Retype, word for word, each line between the lines holding "set \<Rightarrow> ('a::real_vector" and "g br \<longleftrightarrow>", inclusive, and leave the rest of the data alone.

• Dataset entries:
==================================================
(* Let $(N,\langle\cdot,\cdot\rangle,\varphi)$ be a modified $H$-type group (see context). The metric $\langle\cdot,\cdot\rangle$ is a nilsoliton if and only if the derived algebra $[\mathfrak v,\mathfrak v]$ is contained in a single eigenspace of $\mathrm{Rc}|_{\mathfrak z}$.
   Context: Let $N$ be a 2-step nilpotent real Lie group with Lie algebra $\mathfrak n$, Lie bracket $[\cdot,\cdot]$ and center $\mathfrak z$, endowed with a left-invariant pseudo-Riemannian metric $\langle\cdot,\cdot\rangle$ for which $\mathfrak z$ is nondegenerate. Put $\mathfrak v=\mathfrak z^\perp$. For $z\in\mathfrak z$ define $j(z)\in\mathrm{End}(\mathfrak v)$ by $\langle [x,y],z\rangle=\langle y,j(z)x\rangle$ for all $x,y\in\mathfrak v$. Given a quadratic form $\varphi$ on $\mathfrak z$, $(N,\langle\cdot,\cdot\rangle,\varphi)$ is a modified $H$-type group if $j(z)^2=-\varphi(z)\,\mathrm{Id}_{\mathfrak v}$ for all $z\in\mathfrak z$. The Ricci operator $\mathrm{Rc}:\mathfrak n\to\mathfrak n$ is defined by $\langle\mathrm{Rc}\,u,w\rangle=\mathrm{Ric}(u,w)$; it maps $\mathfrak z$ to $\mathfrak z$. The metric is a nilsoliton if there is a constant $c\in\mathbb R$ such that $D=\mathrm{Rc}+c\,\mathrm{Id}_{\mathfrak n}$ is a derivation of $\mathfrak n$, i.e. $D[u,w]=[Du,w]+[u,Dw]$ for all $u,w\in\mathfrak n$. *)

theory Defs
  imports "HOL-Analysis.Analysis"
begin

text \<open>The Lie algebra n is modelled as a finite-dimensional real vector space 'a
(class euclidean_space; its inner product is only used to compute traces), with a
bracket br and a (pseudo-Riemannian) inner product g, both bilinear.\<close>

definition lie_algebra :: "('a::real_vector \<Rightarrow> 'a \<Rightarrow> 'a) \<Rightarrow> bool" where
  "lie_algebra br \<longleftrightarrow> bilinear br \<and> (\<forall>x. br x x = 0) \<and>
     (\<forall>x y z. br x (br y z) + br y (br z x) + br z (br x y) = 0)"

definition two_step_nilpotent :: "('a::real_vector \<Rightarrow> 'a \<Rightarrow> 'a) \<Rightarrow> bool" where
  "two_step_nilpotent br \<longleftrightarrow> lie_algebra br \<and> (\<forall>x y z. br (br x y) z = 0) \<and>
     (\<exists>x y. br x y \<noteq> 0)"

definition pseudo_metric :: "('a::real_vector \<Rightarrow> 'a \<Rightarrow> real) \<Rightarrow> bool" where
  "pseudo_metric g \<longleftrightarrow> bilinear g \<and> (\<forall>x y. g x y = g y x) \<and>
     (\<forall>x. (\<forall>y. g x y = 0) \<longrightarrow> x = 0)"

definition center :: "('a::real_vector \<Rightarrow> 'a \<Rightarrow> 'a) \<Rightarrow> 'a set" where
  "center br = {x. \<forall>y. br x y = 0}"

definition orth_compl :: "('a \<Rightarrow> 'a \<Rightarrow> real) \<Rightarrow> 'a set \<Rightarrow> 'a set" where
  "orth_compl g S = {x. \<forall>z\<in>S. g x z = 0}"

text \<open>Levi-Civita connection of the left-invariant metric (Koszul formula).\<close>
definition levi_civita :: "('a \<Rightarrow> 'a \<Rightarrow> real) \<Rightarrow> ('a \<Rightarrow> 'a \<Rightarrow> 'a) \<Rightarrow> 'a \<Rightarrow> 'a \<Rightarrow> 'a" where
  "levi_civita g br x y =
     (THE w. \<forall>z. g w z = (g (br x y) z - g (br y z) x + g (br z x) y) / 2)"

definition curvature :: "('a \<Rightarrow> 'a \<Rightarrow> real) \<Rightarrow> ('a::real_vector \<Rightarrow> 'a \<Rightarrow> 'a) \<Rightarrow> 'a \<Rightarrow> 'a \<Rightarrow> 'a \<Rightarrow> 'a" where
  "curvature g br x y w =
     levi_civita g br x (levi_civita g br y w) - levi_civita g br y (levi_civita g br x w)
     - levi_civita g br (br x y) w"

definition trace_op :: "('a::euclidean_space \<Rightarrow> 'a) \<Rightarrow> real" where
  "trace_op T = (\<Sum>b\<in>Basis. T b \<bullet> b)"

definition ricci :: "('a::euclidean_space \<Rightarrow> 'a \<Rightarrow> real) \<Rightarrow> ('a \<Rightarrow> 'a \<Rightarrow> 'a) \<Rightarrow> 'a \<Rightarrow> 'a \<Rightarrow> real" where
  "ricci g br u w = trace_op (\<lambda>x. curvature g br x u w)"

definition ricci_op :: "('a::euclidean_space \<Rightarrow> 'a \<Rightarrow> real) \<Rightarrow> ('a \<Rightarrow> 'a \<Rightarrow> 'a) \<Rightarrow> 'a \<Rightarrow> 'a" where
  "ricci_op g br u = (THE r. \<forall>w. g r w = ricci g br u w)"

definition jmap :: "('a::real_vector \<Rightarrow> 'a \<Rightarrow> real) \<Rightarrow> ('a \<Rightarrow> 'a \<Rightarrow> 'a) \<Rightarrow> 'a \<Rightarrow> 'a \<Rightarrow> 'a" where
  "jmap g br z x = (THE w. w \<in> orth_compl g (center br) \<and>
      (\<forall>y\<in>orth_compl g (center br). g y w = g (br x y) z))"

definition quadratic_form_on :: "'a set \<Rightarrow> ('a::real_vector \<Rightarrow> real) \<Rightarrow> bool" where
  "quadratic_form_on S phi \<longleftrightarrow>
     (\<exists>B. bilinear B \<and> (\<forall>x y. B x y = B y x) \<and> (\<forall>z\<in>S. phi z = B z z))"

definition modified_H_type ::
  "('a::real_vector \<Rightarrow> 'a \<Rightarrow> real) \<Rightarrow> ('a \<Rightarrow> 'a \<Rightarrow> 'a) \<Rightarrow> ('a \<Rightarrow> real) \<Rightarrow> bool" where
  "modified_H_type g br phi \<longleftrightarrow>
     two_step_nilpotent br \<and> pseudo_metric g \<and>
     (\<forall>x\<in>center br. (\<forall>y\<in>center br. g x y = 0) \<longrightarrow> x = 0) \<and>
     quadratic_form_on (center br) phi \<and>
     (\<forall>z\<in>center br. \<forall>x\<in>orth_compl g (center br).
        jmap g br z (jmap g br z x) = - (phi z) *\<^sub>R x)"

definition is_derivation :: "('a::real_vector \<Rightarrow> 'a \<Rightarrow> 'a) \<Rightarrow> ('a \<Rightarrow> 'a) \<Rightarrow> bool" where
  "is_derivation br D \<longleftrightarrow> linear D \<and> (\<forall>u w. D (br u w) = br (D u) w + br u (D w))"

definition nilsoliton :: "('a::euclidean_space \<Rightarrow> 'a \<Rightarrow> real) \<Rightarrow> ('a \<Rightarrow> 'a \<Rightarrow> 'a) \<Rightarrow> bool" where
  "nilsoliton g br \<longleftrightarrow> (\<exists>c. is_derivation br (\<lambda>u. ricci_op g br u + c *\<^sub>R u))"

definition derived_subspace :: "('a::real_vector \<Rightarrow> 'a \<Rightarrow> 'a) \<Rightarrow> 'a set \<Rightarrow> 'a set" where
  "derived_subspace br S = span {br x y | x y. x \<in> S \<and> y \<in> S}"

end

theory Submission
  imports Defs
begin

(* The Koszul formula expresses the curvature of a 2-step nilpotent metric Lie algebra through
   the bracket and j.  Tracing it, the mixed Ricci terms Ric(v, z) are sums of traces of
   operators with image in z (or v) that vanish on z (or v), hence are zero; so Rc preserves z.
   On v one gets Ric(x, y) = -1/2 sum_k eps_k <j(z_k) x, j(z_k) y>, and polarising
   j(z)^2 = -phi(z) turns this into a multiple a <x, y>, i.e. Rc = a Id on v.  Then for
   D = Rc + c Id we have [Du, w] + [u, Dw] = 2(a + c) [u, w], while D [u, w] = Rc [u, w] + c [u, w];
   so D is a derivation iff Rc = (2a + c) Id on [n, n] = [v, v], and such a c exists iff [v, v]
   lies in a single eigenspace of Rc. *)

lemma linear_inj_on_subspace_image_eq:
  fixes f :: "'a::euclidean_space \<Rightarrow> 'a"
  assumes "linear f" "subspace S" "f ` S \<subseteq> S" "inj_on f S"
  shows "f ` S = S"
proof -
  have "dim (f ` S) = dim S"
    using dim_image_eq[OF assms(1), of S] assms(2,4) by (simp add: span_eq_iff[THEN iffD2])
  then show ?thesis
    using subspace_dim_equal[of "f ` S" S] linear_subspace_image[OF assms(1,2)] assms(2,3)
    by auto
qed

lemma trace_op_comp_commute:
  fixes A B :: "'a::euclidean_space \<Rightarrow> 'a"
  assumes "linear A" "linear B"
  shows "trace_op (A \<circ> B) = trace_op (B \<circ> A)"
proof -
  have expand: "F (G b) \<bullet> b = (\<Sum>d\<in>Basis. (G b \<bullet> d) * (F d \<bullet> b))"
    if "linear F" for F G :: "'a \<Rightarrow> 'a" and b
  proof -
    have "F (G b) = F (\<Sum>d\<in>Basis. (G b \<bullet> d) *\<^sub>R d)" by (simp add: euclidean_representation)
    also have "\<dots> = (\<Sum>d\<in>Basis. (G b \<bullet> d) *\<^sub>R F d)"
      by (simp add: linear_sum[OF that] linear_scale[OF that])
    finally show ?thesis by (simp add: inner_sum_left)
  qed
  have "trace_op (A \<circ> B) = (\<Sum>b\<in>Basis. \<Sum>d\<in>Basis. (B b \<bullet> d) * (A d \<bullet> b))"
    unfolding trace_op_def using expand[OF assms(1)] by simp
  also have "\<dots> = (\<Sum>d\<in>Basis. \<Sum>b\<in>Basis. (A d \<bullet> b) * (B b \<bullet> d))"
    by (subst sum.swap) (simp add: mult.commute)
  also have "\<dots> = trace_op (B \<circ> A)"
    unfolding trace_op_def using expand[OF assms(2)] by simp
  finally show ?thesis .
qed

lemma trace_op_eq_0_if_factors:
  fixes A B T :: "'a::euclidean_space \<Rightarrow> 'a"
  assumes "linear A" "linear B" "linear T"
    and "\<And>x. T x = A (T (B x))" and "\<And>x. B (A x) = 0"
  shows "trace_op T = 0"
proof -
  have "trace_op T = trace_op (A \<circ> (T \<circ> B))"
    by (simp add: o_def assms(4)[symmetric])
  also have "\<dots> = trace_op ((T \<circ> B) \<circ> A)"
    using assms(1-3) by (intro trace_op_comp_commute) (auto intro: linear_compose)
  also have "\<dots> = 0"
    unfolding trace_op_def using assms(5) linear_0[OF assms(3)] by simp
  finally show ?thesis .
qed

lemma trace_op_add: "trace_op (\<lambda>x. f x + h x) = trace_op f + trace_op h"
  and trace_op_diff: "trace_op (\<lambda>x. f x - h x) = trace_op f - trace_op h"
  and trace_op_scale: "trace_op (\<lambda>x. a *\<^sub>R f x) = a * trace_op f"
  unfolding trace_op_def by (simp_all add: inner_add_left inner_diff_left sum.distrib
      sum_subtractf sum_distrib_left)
==================================================
• Problem solution:
definition quadratic_form_on :: "'a set \<Rightarrow> ('a::real_vector \<Rightarrow> real) \<Rightarrow> bool" where
  "quadratic_form_on S phi \<longleftrightarrow>
     (\<exists>B. bilinear B \<and> (\<forall>x y. B x y = B y x) \<and> (\<forall>z\<in>S. phi z = B z z))"

definition modified_H_type ::
  "('a::real_vector \<Rightarrow> 'a \<Rightarrow> real) \<Rightarrow> ('a \<Rightarrow> 'a \<Rightarrow> 'a) \<Rightarrow> ('a \<Rightarrow> real) \<Rightarrow> bool" where
  "modified_H_type g br phi \<longleftrightarrow>
     two_step_nilpotent br \<and> pseudo_metric g \<and>
     (\<forall>x\<in>center br. (\<forall>y\<in>center br. g x y = 0) \<longrightarrow> x = 0) \<and>
     quadratic_form_on (center br) phi \<and>
     (\<forall>z\<in>center br. \<forall>x\<in>orth_compl g (center br).
        jmap g br z (jmap g br z x) = - (phi z) *\<^sub>R x)"

definition is_derivation :: "('a::real_vector \<Rightarrow> 'a \<Rightarrow> 'a) \<Rightarrow> ('a \<Rightarrow> 'a) \<Rightarrow> bool" where
  "is_derivation br D \<longleftrightarrow> linear D \<and> (\<forall>u w. D (br u w) = br (D u) w + br u (D w))"

definition nilsoliton :: "('a::euclidean_space \<Rightarrow> 'a \<Rightarrow> real) \<Rightarrow> ('a \<Rightarrow> 'a \<Rightarrow> 'a) \<Rightarrow> bool" where
  "nilsoliton g br \<longleftrightarrow> (\<exists>c. is_derivation br (\<lambda>u. ricci_op g br u + c *\<^sub>R u))"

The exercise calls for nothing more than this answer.